Solitamente tendiamo ad associare il cinema di confine brasiliano con le pellicole blasfeme e stravaganti di José Mojica Marins, un folle personaggio salito alla ribalta durante gli anni sessanta (il suo film più rappresentativo ancora oggi resta “Questa Notte Mi Incarnerò Nel Tuo Cadavere”). Ma proprio durante quel decennio esplose una corrente di tutt’altro spessore, un movimento apprezzato specialmente nei circuiti festivalieri e alimentato da Glauber Rocha (1939-1981), vero rinnovatore e oltretutto fondatore di questo Cinéma Nôvo. Rocha, insieme a un manipolo di giovani colleghi, esplorò con durezza la realtà sociale del suo paese, i temi portanti di queste pellicole erano infatti indissolubilmente legati alla guerra, alla rassegnazione davanti ai mutamenti storici, alla frantumazione dei valori e alla segregazione, con un forte richiamo alla cultura popolare del nord est (in particolare quella delle zone rurali del sertão). Un cinema di azione e di denuncia, in una regione popolata da banditi e da santoni e per giunta martoriata dalla fame e dalla miseria: nel 1969 Rocha fu però costretto ad abbandonare il paese, con la censura governativa ormai accanitasi contro di lui.

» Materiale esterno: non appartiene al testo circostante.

lemma le_suminf_nonneg:
  fixes u :: "nat \<Rightarrow> 'a"
  assumes "summable u" "\<And>k. 0 \<le> u k"
  shows "u n \<le> suminf u"
proof -
  have "((\<lambda>N. (\<Sum>k<N. u k) - u n) \<longlongrightarrow> suminf u - u n) sequentially"
    using summable_LIMSEQ[OF assms(1)] by (intro tendsto_diff tendsto_const)
  moreover have "eventually (\<lambda>N. (\<Sum>k<N. u k) - u n \<in> {x. 0 \<le> x}) sequentially"
  proof (rule eventually_sequentiallyI[of "Suc n"])
    fix N
    assume "Suc n \<le> N"
    then have "(\<Sum>k<N. u k) - u n = (\<Sum>k\<in>{..<N} - {n}. u k)"
      by (simp add: sum_diff1)
    also have "0 \<le> \<dots>"
      using assms(2) by (simp add: sum_nonneg)
    finally show "(\<Sum>k<N. u k) - u n \<in> {x. 0 \<le> x}"
      by simp
  qed
  ultimately have "suminf u - u n \<in> {x. 0 \<le> x}"
    by (intro Lim_in_closed_set[OF closed_nonneg_cone]) simp_all
  then show ?thesis
    by simp
qed

lemma positive_linear_bounded_on_nonneg:
  fixes T :: "'a \<Rightarrow> 'a"
  assumes T: "linear T" "\<And>x. 0 \<le> x \<Longrightarrow> 0 \<le> T x"
  obtains C where "\<And>x. 0 \<le> x \<Longrightarrow> norm (T x) \<le> C * norm x"
proof -
  have "\<exists>C. \<forall>x\<ge>0. norm (T x) \<le> C * norm x"
  proof (rule ccontr)
    assume "\<nexists>C. \<forall>x\<ge>0. norm (T x) \<le> C * norm x"
    then have "\<forall>n::nat. \<exists>x\<ge>0. 4 ^ n * norm x < norm (T x)"
      by (meson not_le)
    then obtain x where x: "\<And>n. 0 \<le> x n" "\<And>n. 4 ^ n * norm (x n) < norm (T (x n))"
      by metis
    have x_nonzero: "x n \<noteq> 0" for n
      using x(2)[of n] by (auto simp: linear_0[OF T(1)])
    define u where "u n = (1 / (2 ^ n * norm (x n))) *\<^sub>R x n" for n
    have u_nonneg: "0 \<le> u n" for n
      unfolding u_def using x(1) by (simp add: scaleR_nonneg_nonneg)
    have norm_u: "norm (u n) = (1 / 2) ^ n" for n
      using x_nonzero[of n] by (simp add: u_def power_divide)
    have "summable (\<lambda>n. norm (u n))"
      unfolding norm_u by (rule summable_geometric) simp
    then have "summable u"
      by (rule summable_norm_cancel)
    have "2 ^ n < norm (T (suminf u))" for n
    proof -
      have "(2 ^ n * norm (x n)) * 2 ^ n < norm (T (x n))"
        using x(2)[of n] by (simp add: power_mult_distrib[symmetric] mult_ac)
      then have "2 ^ n < norm (T (u n))"
        using x_nonzero[of n]
        by (simp add: u_def linear_scale[OF T(1)] pos_less_divide_eq mult_ac)
      also have "\<dots> \<le> norm (T (suminf u))"
        using le_suminf_nonneg[OF \<open>summable u\<close> u_nonneg]
        by (intro norm_mono_nonneg T(2) u_nonneg positive_linear_mono[OF T])
      finally show ?thesis .
    qed
    moreover obtain n where "norm (T (suminf u)) < 2 ^ n"
      using real_arch_pow[of 2] by auto
    ultimately show False
      using less_asym by blast
  qed
  then show ?thesis
    using that by blast
qed

lemma bounded_linear_if_positive:
  fixes T :: "'a \<Rightarrow> 'a"
  assumes T: "linear T" "\<And>x. 0 \<le> x \<Longrightarrow> 0 \<le> T x"
  shows "bounded_linear T"
proof -
  obtain C where C: "\<And>x. 0 \<le> x \<Longrightarrow> norm (T x) \<le> C * norm x"
    using positive_linear_bounded_on_nonneg[OF T] by blast
  have "norm (T x) \<le> norm x * C" for x
  proof -
    have "norm (T x) \<le> norm (T (labs x))"
      using labs_positive_linear_le[OF T, of x] T(2)[of "labs x"]
      by (intro norm_le_norm_if_labs_le) (simp add: vector_lattice.abs_of_nonneg)
    also have "\<dots> \<le> norm x * C"
      using C[of "labs x"] by (simp add: mult.commute)
    finally show ?thesis .
  qed
  with T(1) show ?thesis
    unfolding bounded_linear_def bounded_linear_axioms_def by blast
qed

lemma nonneg_in_span_if_comparable_along_line:
  fixes y z :: 'a
  assumes "0 < y" "0 \<le> z" and comparable: "\<And>t. z - t *\<^sub>R y \<le> 0 \<or> 0 \<le> z - t *\<^sub>R y"
  shows "z \<in> span {y}"
proof (rule ccontr)
  assume z: "z \<notin> span {y}"
  define below where "below = {t. t *\<^sub>R y \<le> z}"
  define above where "above = {t. z \<le> t *\<^sub>R y}"
  have "below = (\<lambda>t. z - t *\<^sub>R y) -` {x. 0 \<le> x}" "above = (\<lambda>t. t *\<^sub>R y - z) -` {x. 0 \<le> x}"
    by (auto simp: below_def above_def)
  then have "closed below" "closed above"
    by (simp_all only:) (intro continuous_closed_vimage closed_nonneg_cone continuous_intros)+
  moreover have "UNIV \<subseteq> below \<union> above"
    using comparable by (auto simp: below_def above_def)
  moreover have "below \<inter> above \<inter> UNIV = {}"
    using z by (auto simp: below_def above_def span_singleton dest: antisym)
  moreover have "0 \<in> below"
    using \<open>0 \<le> z\<close> by (simp add: below_def)
  moreover have "(norm z + 1) / norm y \<in> above"
  proof -
    let ?t = "(norm z + 1) / norm y"
    have "norm (?t *\<^sub>R y) = norm z + 1"
      using \<open>0 < y\<close> by auto
    then have "\<not> norm (?t *\<^sub>R y) \<le> norm z"
      by simp
    moreover have "0 \<le> ?t *\<^sub>R y"
      using \<open>0 < y\<close> by (simp add: scaleR_nonneg_nonneg)
    ultimately have "?t \<notin> below"
      using norm_mono_nonneg[of "?t *\<^sub>R y" z] by (auto simp only: below_def mem_Collect_eq)
    then show ?thesis
      using \<open>UNIV \<subseteq> below \<union> above\<close> by blast
  qed
  ultimately show False
    using connected_closedD[OF connected_UNIV, of below above] by blast
qed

“Antonio Das Mortes” (“O Dragão Da Maldade Contra O Santo Guerreiro”) è il sequel del celebre “Il Dio Nero e Il Diavolo Biondo” (1964), pellicola in b/n nella quale compare appunto Antonio, uno spietato killer questa volta ingaggiato dal vecchio colonnello Horácio (un ricco latifondista non vedente) per contrastare le rivolte dei contadini. Il protagonista è anche eccitato dall’idea di poter uccidere il cangaçeiro a capo della ribellione (“devo trovare un nuovo nemico per dare un senso alla mia vita”), ma la sua missione presto cambia prospettiva, Antonio infatti prende coscienza della situazione degli agricoltori diventando a sua volta parte del gruppo di rivoltosi contro l’ingiusto potere.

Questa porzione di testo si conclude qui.